**How to complete this task**
Lines holding the word "assms" are the ones to copy from the data below.

___ Material supplied

definition clip :: "nat \<Rightarrow> real \<Rightarrow> real" where
  "clip n x = max (- real n) (min x (real n))"

lemma mono_clip: "mono (clip n)"
  by (auto simp: mono_def clip_def)

lemma abs_clip_le: "\<bar>clip n x\<bar> \<le> real n"
  by (simp add: clip_def)

lemma clip_le: "clip n x \<le> real n"
  by (simp add: clip_def)

lemma abs_clip_le_abs: "\<bar>clip n x\<bar> \<le> \<bar>x\<bar>"
  by (simp add: clip_def)

lemma clip_nonneg: "0 \<le> x \<Longrightarrow> 0 \<le> clip n x"
  by (simp add: clip_def)

lemma clip_le_self: "0 \<le> x \<Longrightarrow> clip n x \<le> x"
  by (simp add: clip_def)

lemma clip_mono_index: "0 \<le> x \<Longrightarrow> n \<le> k \<Longrightarrow> clip n x \<le> clip k x"
  by (simp add: clip_def)

lemma eventually_clip_eq: "\<forall>\<^sub>F n in sequentially. clip n x = x"
proof -
  obtain N :: nat where "\<bar>x\<bar> \<le> real N"
    using real_arch_simple by blast
  then show ?thesis
    by (intro eventually_sequentiallyI[of N]) (auto simp: clip_def)
qed

lemma clip_tendsto: "(\<lambda>n. clip n x) \<longlonglongrightarrow> x"
  using eventually_clip_eq by (rule tendsto_eventually)

lemma nn_integral_eq_expectation_bounded:
  fixes f :: "'a \<Rightarrow> real"
  assumes "\<And>x. 0 \<le> f x" "\<And>x. f x \<le> c"
  shows "(\<integral>\<^sup>+x. ennreal (f x) \<partial>measure_pmf \<mu>) = ennreal (measure_pmf.expectation \<mu> f)"
proof (rule nn_integral_eq_integral)
  show "integrable (measure_pmf \<mu>) f"
    using assms by (intro measure_pmf.integrable_const_bound[where B=c]) auto
qed (use assms in auto)
lemma constraintC_Suc:
  fixes br :: "'g::euclidean_space \<Rightarrow> 'g \<Rightarrow> 'g"
  assumes lie: "lie_algebra br" "ad_invariant br"
    and ddr: "ddr_data U Gh Ch Pg Pc Cpw ipc ipd bh"
    and dt_pos: "t n < t (Suc n)"
    and step: "scheme_step br U Gh Ch Pg Pc ipc ipd NL t A E lam n"
    and q: "q \<in> tensor"
  shows "constraintC br U Gh Pg Pc ipc A E (Suc n) q = constraintC br U Gh Pg Pc ipc A E n q"
proof -
  have U: "U \<in> sets lborel" "bounded U" and ipc: "bilinear ipc"
    and Pc_linear: "\<And>x. linear (\<lambda>v. Pc v x)"
    and Pc_bm: "\<And>v. bounded_measurable_on lborel U (Pc v)"
    and Pg_bm: "\<And>q. bounded_measurable_on lborel U (Pg q)"
    using ddr unfolding ddr_data_def bounded_measurable_on_def by auto
  define dt where "dt = t (Suc n) - t n"
  define dE where "dE = (\<lambda>y. (1/dt) *\<^sub>R (E (Suc n) y - E n y))"
  have "dt \<noteq> 0" using dt_pos unfolding dt_def by simp
  have A_step: "(\<lambda>y. (1/dt) *\<^sub>R (A (Suc n) y - A n y)) = (\<lambda>y. - E (Suc n) y)"
    and gauss: "tip ipc dE (Gh \<circ> q) + intU U (fip (Pc \<circ> dE) (lb_vs br (Pc \<circ> A n) (Pg \<circ> q))) = 0"
    using step q unfolding scheme_step_def Let_def dt_def[symmetric] dE_def[symmetric] by blast+
  have A_Suc: "A (Suc n) = (\<lambda>b. A n b + (- dt) *\<^sub>R E (Suc n) b)"
  proof
    fix b
    have "dt *\<^sub>R ((1/dt) *\<^sub>R (A (Suc n) b - A n b)) = - dt *\<^sub>R E (Suc n) b"
      using fun_cong[OF A_step, of b] by simp
    then show "A (Suc n) b = A n b + (- dt) *\<^sub>R E (Suc n) b"
      using \<open>dt \<noteq> 0\<close> by (simp add: algebra_simps)
  qed
  have E_Suc: "E (Suc n) = (\<lambda>b. E n b + dt *\<^sub>R dE b)"
    unfolding dE_def using \<open>dt \<noteq> 0\<close> by (simp add: algebra_simps)
  let ?F = "\<lambda>V. fip (Pc \<circ> V) (lb_vs br (Pc \<circ> A n) (Pg \<circ> q))"
  have pointwise: "fip (Pc \<circ> E (Suc n)) (lb_vs br (Pc \<circ> A (Suc n)) (Pg \<circ> q)) x
      = ?F (E n) x + dt * ?F dE x" for x
  proof -
    have "fip (Pc \<circ> E (Suc n)) (lb_vs br (Pc \<circ> A (Suc n)) (Pg \<circ> q)) x = ?F (E (Suc n)) x"
      unfolding A_Suc comp_add_scaleR[OF Pc_linear] by (rule fip_lb_vs_shift[OF lie])
    also have "\<dots> = ?F (E n) x + dt * ?F dE x"
      unfolding E_Suc comp_add_scaleR[OF Pc_linear] by (rule fip_add_scaleR_left)
    finally show ?thesis .
  qed
  have integrable: "set_integrable lborel U (?F V)" for V
    by (rule set_integrable_fip_lb_vs[OF U]) (simp_all add: Pc_bm Pg_bm)
  have "intU U (fip (Pc \<circ> E (Suc n)) (lb_vs br (Pc \<circ> A (Suc n)) (Pg \<circ> q)))
      = intU U (?F (E n)) + dt * intU U (?F dE)"
    unfolding intU_def pointwise
    using integrable by (simp add: set_integral_add(2))
  moreover have "tip ipc (E (Suc n)) (Gh \<circ> q) = tip ipc (E n) (Gh \<circ> q) + dt * tip ipc dE (Gh \<circ> q)"
    unfolding E_Suc by (rule tip_add_scaleR_left[OF ipc])
  ultimately have "constraintC br U Gh Pg Pc ipc A E (Suc n) q
      = constraintC br U Gh Pg Pc ipc A E n q
        + dt * (tip ipc dE (Gh \<circ> q) + intU U (?F dE))"
    unfolding constraintC_def by (simp add: algebra_simps)
  then show ?thesis using gauss by simp
qed

theorem mainTheorem1:
  fixes br :: "'g::euclidean_space \<Rightarrow> 'g \<Rightarrow> 'g"
    and U :: "pt set"
    and Gh :: "'xg::real_vector \<Rightarrow> 'xc::real_vector" and Ch :: "'xc \<Rightarrow> 'xd::real_vector"
    and Pg :: "'xg \<Rightarrow> pt \<Rightarrow> real" and Pc Cpw :: "'xc \<Rightarrow> pt \<Rightarrow> real^3"
    and ipc :: "'xc \<Rightarrow> 'xc \<Rightarrow> real" and ipd :: "'xd \<Rightarrow> 'xd \<Rightarrow> real"
    and bh :: "'xc \<Rightarrow> 'xc \<Rightarrow> 'xd"
    and NL :: "('g \<Rightarrow> 'xc) \<Rightarrow> ('g \<Rightarrow> 'xc) \<Rightarrow> ('g \<Rightarrow> 'xc) \<Rightarrow> real"
    and t :: "nat \<Rightarrow> real" and N :: nat
    and A E :: "nat \<Rightarrow> 'g \<Rightarrow> 'xc" and lam :: "nat \<Rightarrow> 'g \<Rightarrow> 'xg"
  assumes "lie_algebra br" and "ad_invariant br"
    and "ddr_data U Gh Ch Pg Pc Cpw ipc ipd bh"
    and "NL = NL1 br Ch ipd bh \<or> NL = NL2 br U Pc Cpw"
    and "t 0 = 0" and "\<forall>n<N. t n < t (Suc n)"
    and "\<forall>n\<le>N. A n \<in> tensor \<and> E n \<in> tensor \<and> lam n \<in> tensor"
    and "\<forall>n<N. scheme_step br U Gh Ch Pg Pc ipc ipd NL t A E lam n"
  shows "\<forall>q\<in>tensor. \<forall>n\<le>N. constraintC br U Gh Pg Pc ipc A E n q = constraintC br U Gh Pg Pc ipc A E 0 q"
proof (intro ballI allI impI)
  fix q :: "'g \<Rightarrow> 'xg" and n :: nat
  assume "q \<in> tensor" "n \<le> N"
  then show "constraintC br U Gh Pg Pc ipc A E n q = constraintC br U Gh Pg Pc ipc A E 0 q"
  proof (induction n)
    case (Suc n)
    then have "n < N" by simp
    then have scheme_n: "t n < t (Suc n)" "scheme_step br U Gh Ch Pg Pc ipc ipd NL t A E lam n"
      using assms(6,8) by auto
    show ?case
      using constraintC_Suc[OF assms(1-3) scheme_n Suc.prems(1)] Suc.IH Suc.prems by simp
  qed simp
qed
(* Let $(X,\tau)$ be a locally compact Hausdorff space that is non-compact, Lindelöf and zero-dimensional. If $\delta$ is a quasi-proximity compatible with $\tau$ such that $\mathcal{V}_\delta$ is transitive, then $|\pi(\delta)\cap T(\tau)|\ge 2^{2^{\aleph_0}}$.
   Context: Quasi-uniformities and quasi-proximities are in the sense of Fletcher–Lindgren; compatible means inducing $\tau$. $\pi(\delta)$ is the set of all quasi-uniformities inducing $\delta$, and $\mathcal{V}_\delta$ is its coarsest (totally bounded) element. A quasi-uniformity is transitive if it has a base of transitive entourages. $T(\tau)$ is the set of compatible transitive quasi-uniformities on $(X,\tau)$. *)

theory Defs
  imports "HOL-Analysis.Analysis"
begin

definition quasi_uniformity :: "'a set \<Rightarrow> ('a \<times> 'a) set set \<Rightarrow> bool" where
  "quasi_uniformity S \<U> \<longleftrightarrow>
     \<U> \<noteq> {} \<and>
     (\<forall>U\<in>\<U>. Id_on S \<subseteq> U \<and> U \<subseteq> S \<times> S) \<and>
     (\<forall>U\<in>\<U>. \<forall>V\<in>\<U>. U \<inter> V \<in> \<U>) \<and>
     (\<forall>U\<in>\<U>. \<forall>V. U \<subseteq> V \<and> V \<subseteq> S \<times> S \<longrightarrow> V \<in> \<U>) \<and>
     (\<forall>U\<in>\<U>. \<exists>V\<in>\<U>. V O V \<subseteq> U)"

______

**Result of this exercise**
    using assms by (intro measure_pmf.integrable_const_bound[where B=c]) auto
qed (use assms in auto)
      using assms(6,8) by auto
      using constraintC_Suc[OF assms(1-3) scheme_n Suc.prems(1)] Suc.IH Suc.prems by simp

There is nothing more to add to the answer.